***** Data for this exercise

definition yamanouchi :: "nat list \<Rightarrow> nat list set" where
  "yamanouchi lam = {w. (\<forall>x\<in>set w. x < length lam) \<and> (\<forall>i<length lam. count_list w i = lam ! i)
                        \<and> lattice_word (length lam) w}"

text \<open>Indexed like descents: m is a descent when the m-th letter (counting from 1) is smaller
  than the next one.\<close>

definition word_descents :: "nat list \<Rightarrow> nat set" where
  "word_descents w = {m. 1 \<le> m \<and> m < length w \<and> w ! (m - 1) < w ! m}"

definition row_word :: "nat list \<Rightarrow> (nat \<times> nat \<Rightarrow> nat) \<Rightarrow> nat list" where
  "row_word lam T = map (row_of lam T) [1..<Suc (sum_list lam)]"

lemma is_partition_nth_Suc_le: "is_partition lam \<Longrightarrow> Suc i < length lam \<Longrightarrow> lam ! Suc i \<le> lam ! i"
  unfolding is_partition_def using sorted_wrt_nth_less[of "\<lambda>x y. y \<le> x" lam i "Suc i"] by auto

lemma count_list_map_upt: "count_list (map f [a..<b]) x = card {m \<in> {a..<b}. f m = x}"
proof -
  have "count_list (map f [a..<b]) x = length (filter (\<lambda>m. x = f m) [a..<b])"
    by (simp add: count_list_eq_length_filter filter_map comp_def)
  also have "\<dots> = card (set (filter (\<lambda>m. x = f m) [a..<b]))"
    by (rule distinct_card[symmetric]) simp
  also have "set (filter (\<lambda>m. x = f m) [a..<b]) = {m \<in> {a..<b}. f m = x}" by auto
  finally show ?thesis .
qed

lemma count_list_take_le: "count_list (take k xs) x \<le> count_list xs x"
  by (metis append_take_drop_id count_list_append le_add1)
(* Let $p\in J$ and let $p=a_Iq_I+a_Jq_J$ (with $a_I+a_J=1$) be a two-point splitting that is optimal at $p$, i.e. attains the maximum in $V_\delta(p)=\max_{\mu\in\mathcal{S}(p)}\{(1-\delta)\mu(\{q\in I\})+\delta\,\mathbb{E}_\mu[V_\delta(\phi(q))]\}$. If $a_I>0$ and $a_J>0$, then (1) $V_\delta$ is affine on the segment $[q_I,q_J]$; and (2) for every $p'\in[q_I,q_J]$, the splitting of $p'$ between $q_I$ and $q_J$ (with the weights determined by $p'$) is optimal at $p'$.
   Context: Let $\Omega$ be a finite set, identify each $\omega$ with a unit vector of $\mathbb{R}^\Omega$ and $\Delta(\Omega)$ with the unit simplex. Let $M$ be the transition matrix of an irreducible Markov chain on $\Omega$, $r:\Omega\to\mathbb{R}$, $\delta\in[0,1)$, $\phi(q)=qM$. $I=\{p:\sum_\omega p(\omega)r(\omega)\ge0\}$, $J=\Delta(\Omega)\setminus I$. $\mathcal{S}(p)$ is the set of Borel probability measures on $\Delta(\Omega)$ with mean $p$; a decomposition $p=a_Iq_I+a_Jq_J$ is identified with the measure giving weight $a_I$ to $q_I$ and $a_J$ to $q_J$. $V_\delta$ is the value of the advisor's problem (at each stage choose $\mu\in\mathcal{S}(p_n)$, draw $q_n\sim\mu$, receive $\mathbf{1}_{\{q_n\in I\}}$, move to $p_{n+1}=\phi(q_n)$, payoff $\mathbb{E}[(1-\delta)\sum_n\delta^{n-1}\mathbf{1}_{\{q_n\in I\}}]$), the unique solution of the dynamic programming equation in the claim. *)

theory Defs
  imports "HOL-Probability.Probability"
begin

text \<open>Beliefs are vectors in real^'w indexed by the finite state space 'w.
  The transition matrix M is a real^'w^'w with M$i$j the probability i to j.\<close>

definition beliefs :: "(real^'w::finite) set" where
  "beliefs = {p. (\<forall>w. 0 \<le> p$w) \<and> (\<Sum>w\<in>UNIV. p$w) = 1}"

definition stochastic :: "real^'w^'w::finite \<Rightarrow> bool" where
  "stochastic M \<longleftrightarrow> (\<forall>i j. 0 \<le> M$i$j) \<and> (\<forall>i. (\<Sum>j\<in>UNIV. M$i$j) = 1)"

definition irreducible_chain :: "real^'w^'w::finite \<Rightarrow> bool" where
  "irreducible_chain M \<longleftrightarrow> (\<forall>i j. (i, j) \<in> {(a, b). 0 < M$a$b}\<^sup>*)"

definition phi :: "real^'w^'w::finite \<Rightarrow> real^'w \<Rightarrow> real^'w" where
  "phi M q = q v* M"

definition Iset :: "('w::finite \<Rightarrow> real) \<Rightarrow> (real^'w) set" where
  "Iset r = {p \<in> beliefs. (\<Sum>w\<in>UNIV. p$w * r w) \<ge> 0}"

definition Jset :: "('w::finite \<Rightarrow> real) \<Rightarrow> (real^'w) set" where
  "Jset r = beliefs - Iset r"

**********
***** Data for this exercise

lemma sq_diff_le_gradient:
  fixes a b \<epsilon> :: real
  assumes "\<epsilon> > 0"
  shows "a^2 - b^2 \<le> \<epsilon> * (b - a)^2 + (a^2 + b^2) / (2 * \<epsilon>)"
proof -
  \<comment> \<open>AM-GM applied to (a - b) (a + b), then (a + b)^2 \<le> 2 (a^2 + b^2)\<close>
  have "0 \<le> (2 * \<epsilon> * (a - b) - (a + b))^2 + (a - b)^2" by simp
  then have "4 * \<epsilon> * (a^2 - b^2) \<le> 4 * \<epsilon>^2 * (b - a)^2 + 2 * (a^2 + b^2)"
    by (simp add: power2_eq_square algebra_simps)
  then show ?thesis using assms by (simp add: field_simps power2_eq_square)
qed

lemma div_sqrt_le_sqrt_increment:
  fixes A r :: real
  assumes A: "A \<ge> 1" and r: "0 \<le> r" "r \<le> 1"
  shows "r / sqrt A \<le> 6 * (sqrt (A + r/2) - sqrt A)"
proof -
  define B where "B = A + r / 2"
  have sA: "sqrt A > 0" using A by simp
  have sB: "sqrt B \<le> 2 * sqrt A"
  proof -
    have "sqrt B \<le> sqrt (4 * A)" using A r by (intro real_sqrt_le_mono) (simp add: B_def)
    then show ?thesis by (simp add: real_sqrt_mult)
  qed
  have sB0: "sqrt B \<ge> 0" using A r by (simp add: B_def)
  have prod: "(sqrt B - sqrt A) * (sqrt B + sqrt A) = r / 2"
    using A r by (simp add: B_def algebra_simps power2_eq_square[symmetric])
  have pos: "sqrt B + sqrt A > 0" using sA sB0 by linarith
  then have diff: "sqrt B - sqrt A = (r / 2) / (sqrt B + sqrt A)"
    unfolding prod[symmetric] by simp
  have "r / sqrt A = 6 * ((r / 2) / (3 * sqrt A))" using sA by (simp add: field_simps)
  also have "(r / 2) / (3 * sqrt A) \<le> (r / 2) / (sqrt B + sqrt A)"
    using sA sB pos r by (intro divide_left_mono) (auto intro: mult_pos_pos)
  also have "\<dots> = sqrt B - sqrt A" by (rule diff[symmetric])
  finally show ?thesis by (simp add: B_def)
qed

**********
***** Data for this exercise

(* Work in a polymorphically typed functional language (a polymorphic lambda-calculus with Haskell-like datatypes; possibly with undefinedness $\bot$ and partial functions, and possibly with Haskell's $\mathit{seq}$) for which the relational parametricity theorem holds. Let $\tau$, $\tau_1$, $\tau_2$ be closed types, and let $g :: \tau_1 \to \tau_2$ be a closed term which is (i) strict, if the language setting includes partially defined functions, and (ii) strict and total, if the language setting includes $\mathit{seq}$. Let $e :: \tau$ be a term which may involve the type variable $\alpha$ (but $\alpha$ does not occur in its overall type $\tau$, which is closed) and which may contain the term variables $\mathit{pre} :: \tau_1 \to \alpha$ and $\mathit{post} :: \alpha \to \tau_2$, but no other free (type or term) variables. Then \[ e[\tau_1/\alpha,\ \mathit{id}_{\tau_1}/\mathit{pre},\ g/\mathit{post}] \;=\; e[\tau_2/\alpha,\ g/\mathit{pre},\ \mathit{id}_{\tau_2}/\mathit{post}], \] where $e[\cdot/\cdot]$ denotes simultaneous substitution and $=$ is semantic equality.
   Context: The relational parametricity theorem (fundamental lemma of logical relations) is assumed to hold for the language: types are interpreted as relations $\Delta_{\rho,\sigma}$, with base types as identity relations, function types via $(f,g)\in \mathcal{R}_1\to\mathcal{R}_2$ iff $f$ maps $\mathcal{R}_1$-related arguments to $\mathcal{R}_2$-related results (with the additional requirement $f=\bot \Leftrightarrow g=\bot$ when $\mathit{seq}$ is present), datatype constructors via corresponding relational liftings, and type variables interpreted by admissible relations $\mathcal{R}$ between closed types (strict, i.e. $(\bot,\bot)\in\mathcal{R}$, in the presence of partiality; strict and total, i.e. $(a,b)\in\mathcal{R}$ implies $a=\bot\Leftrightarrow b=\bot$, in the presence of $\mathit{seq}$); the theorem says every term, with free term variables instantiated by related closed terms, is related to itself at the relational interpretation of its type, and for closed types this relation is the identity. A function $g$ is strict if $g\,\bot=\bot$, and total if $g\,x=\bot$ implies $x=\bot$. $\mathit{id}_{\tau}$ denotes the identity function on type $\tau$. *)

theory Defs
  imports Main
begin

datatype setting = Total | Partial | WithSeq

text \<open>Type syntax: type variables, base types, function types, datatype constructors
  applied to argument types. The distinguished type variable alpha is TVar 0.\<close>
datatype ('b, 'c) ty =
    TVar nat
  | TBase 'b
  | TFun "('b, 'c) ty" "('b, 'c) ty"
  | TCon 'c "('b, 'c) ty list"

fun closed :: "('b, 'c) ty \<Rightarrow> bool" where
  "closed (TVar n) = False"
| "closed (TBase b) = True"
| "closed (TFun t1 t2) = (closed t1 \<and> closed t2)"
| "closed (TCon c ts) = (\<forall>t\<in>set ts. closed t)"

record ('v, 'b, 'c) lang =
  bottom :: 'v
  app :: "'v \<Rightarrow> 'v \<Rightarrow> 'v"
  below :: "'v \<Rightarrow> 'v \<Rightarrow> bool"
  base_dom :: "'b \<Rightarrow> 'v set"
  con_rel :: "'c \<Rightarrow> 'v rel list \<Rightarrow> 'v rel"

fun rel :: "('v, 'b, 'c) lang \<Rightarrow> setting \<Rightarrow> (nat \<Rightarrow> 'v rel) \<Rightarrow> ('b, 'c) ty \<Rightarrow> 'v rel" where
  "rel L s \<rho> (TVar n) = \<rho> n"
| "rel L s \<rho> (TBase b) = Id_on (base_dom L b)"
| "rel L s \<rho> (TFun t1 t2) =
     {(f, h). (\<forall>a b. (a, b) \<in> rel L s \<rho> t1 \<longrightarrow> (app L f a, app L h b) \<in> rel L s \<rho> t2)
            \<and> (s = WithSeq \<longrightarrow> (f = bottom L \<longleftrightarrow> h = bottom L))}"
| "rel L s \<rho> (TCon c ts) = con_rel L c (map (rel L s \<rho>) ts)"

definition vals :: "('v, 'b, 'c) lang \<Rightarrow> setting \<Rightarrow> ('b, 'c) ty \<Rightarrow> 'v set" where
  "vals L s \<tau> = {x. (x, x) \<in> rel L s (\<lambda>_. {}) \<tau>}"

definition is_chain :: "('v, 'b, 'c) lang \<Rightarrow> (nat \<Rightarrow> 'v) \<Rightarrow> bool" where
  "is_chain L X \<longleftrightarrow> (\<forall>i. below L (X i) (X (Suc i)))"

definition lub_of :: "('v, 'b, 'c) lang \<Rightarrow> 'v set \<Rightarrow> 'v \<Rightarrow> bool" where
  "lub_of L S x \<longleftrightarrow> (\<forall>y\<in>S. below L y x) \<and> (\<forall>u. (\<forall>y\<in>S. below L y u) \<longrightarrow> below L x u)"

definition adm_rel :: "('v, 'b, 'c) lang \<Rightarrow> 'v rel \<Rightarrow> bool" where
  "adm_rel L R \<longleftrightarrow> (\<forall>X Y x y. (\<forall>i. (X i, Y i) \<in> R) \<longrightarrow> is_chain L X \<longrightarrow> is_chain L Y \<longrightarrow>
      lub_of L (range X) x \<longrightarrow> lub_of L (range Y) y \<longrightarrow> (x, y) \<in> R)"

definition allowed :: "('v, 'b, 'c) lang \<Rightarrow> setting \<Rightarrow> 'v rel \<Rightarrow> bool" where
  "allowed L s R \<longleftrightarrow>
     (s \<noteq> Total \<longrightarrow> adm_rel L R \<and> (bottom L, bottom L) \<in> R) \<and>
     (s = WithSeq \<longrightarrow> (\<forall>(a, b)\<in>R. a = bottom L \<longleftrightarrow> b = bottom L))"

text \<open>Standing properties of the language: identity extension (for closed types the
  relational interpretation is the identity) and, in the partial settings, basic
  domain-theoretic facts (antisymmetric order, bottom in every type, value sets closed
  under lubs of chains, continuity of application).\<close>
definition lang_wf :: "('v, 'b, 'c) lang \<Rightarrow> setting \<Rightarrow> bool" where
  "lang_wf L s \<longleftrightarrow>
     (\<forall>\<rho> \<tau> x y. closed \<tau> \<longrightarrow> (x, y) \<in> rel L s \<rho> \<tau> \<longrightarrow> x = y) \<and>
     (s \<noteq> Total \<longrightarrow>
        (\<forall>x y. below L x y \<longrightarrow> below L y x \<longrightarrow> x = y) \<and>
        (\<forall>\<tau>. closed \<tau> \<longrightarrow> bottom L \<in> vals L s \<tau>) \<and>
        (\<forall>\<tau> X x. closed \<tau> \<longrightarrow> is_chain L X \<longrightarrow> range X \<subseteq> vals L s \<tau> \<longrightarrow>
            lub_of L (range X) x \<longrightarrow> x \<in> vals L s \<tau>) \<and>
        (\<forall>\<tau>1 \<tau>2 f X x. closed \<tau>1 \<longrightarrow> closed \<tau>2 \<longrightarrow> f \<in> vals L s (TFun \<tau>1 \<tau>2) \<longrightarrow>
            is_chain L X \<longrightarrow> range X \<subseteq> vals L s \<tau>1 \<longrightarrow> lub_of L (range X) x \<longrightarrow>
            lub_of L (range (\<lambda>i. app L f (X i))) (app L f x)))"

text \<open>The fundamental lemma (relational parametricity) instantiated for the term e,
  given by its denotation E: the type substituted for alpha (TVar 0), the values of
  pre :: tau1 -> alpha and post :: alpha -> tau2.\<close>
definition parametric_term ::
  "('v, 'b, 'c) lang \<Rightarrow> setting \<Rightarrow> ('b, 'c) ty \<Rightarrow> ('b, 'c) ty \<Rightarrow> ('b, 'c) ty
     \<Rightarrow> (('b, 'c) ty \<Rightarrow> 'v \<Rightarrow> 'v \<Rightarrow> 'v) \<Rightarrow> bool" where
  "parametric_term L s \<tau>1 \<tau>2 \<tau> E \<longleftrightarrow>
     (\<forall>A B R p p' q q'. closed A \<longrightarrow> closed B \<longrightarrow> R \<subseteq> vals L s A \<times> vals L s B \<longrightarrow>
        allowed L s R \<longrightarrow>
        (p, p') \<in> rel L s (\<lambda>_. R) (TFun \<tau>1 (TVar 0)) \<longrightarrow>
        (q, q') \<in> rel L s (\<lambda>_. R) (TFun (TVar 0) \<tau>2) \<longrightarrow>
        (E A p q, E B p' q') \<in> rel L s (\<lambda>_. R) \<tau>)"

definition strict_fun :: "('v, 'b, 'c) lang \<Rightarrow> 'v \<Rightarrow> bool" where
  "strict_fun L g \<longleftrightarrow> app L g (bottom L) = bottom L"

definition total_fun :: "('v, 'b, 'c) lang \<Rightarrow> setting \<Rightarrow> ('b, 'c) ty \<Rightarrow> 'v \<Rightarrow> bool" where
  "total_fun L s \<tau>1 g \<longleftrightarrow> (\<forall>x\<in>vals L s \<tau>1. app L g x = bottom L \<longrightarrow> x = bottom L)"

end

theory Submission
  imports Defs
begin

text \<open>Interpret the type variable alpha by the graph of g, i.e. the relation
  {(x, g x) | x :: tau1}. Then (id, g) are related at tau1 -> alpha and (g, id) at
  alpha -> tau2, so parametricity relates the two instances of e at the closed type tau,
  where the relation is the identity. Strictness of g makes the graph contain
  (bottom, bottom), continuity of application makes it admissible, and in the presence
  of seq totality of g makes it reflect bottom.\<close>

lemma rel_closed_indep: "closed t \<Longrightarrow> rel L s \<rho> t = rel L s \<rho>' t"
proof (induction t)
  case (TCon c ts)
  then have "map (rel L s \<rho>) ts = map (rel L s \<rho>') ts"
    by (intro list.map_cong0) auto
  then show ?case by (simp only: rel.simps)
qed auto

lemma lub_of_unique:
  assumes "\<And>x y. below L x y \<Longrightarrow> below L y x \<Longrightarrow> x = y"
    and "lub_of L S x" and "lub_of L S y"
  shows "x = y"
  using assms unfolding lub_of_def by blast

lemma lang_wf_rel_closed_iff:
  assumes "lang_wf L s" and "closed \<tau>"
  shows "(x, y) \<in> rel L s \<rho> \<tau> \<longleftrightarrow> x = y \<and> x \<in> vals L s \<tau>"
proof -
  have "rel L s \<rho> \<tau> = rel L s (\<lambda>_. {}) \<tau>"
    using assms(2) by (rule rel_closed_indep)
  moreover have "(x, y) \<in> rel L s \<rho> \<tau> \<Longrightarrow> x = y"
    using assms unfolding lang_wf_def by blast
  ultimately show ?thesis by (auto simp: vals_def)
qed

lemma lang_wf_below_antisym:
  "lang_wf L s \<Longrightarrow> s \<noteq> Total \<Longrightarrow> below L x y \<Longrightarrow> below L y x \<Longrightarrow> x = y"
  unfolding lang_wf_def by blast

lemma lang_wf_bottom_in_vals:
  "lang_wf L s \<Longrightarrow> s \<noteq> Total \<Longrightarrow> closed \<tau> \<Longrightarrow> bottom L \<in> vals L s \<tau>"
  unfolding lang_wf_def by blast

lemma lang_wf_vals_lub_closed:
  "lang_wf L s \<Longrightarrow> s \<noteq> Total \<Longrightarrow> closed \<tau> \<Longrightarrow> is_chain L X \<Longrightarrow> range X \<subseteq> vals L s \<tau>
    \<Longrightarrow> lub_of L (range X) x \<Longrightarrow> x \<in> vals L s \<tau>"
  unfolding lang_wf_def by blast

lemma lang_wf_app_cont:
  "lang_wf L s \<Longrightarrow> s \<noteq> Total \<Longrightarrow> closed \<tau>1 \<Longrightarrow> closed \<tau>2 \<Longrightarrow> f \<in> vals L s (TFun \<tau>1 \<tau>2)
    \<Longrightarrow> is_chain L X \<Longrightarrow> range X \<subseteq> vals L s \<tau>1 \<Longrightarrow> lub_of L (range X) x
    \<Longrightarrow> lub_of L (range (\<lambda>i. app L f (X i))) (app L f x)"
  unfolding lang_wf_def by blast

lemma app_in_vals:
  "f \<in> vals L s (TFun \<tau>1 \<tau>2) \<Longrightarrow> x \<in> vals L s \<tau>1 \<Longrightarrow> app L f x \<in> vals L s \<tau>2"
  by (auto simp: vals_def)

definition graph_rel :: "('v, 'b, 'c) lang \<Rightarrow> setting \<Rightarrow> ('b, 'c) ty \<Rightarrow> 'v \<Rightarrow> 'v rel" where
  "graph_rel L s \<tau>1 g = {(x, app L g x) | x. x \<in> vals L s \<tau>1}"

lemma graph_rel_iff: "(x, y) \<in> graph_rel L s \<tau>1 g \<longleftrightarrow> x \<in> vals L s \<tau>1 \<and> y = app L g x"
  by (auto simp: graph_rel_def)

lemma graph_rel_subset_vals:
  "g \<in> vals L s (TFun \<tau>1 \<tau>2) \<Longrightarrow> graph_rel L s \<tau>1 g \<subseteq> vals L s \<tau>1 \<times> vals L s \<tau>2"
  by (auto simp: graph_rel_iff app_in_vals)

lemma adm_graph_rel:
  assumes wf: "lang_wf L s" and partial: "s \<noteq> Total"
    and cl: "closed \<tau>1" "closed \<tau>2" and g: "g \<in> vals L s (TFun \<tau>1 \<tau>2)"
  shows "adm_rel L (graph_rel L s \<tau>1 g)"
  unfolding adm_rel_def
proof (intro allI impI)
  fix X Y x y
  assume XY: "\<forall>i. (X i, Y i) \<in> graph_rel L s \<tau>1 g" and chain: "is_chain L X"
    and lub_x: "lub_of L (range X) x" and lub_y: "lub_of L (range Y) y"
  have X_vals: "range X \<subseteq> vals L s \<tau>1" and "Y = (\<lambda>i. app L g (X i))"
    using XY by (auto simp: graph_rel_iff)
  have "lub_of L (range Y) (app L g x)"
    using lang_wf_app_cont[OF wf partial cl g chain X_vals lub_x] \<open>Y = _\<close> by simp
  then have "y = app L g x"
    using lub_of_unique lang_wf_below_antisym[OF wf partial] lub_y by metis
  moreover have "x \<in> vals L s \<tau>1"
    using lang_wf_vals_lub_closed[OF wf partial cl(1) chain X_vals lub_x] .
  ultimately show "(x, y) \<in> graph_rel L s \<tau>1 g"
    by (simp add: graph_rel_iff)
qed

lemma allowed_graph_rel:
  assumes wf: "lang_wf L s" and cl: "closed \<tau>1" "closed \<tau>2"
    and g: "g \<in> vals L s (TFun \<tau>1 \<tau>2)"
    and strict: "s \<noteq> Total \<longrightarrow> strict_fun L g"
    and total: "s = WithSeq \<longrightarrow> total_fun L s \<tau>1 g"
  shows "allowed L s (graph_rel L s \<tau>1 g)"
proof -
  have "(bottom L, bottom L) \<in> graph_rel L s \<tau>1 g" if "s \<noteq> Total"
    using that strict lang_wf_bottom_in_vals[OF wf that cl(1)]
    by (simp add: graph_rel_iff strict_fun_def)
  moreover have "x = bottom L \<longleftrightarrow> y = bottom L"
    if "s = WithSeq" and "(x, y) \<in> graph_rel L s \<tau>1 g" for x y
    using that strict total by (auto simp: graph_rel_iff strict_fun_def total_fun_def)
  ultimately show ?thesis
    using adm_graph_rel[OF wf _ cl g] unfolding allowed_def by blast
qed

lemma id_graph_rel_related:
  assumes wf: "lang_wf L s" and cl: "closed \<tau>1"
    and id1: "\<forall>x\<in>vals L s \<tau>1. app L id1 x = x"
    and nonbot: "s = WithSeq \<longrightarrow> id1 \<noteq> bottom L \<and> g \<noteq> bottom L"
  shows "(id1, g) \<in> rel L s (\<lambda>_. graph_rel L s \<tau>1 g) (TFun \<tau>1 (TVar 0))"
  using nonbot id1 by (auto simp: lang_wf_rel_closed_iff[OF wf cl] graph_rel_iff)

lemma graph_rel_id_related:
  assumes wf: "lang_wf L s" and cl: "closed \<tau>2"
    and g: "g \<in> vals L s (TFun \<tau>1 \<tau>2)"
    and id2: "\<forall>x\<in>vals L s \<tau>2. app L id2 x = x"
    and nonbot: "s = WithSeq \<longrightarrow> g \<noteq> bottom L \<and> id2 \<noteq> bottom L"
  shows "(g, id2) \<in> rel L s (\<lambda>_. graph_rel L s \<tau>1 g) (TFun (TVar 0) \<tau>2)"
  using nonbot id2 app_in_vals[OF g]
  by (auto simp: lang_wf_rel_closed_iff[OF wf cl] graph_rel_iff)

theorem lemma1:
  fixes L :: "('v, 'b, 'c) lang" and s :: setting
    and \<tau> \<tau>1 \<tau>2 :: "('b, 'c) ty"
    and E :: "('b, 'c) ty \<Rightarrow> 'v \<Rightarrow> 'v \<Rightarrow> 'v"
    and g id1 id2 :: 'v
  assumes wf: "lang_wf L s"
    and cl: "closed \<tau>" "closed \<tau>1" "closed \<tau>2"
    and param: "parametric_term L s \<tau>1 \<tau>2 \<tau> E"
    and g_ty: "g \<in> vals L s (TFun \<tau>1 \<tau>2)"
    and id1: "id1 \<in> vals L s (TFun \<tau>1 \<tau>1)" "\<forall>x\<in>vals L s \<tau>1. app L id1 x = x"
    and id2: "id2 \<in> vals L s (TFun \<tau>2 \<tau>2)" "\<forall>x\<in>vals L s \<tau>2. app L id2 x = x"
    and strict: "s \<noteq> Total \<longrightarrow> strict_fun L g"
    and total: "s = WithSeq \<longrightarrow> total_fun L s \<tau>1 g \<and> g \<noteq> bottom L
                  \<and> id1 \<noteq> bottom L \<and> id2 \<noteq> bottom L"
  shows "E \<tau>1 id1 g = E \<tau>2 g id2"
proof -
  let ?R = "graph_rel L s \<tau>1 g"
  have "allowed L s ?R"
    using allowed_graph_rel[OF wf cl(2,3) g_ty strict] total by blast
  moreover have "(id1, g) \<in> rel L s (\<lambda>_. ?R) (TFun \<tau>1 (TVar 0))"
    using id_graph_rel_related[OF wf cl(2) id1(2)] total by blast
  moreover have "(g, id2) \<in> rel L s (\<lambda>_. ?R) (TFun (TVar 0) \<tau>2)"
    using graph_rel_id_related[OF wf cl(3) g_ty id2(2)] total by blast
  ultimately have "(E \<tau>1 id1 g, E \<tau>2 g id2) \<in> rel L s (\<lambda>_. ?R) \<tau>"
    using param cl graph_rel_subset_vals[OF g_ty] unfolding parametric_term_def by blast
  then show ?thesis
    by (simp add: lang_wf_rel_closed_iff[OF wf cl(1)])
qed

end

**********

* _Description of the task_
Check each line above for the string "moreover" and copy those that have it.

* _Output for this exercise_
  moreover have "(x, y) \<in> rel L s \<rho> \<tau> \<Longrightarrow> x = y"
  moreover have "x \<in> vals L s \<tau>1"
  moreover have "x = bottom L \<longleftrightarrow> y = bottom L"
  moreover have "(id1, g) \<in> rel L s (\<lambda>_. ?R) (TFun \<tau>1 (TVar 0))"
  moreover have "(g, id2) \<in> rel L s (\<lambda>_. ?R) (TFun (TVar 0) \<tau>2)"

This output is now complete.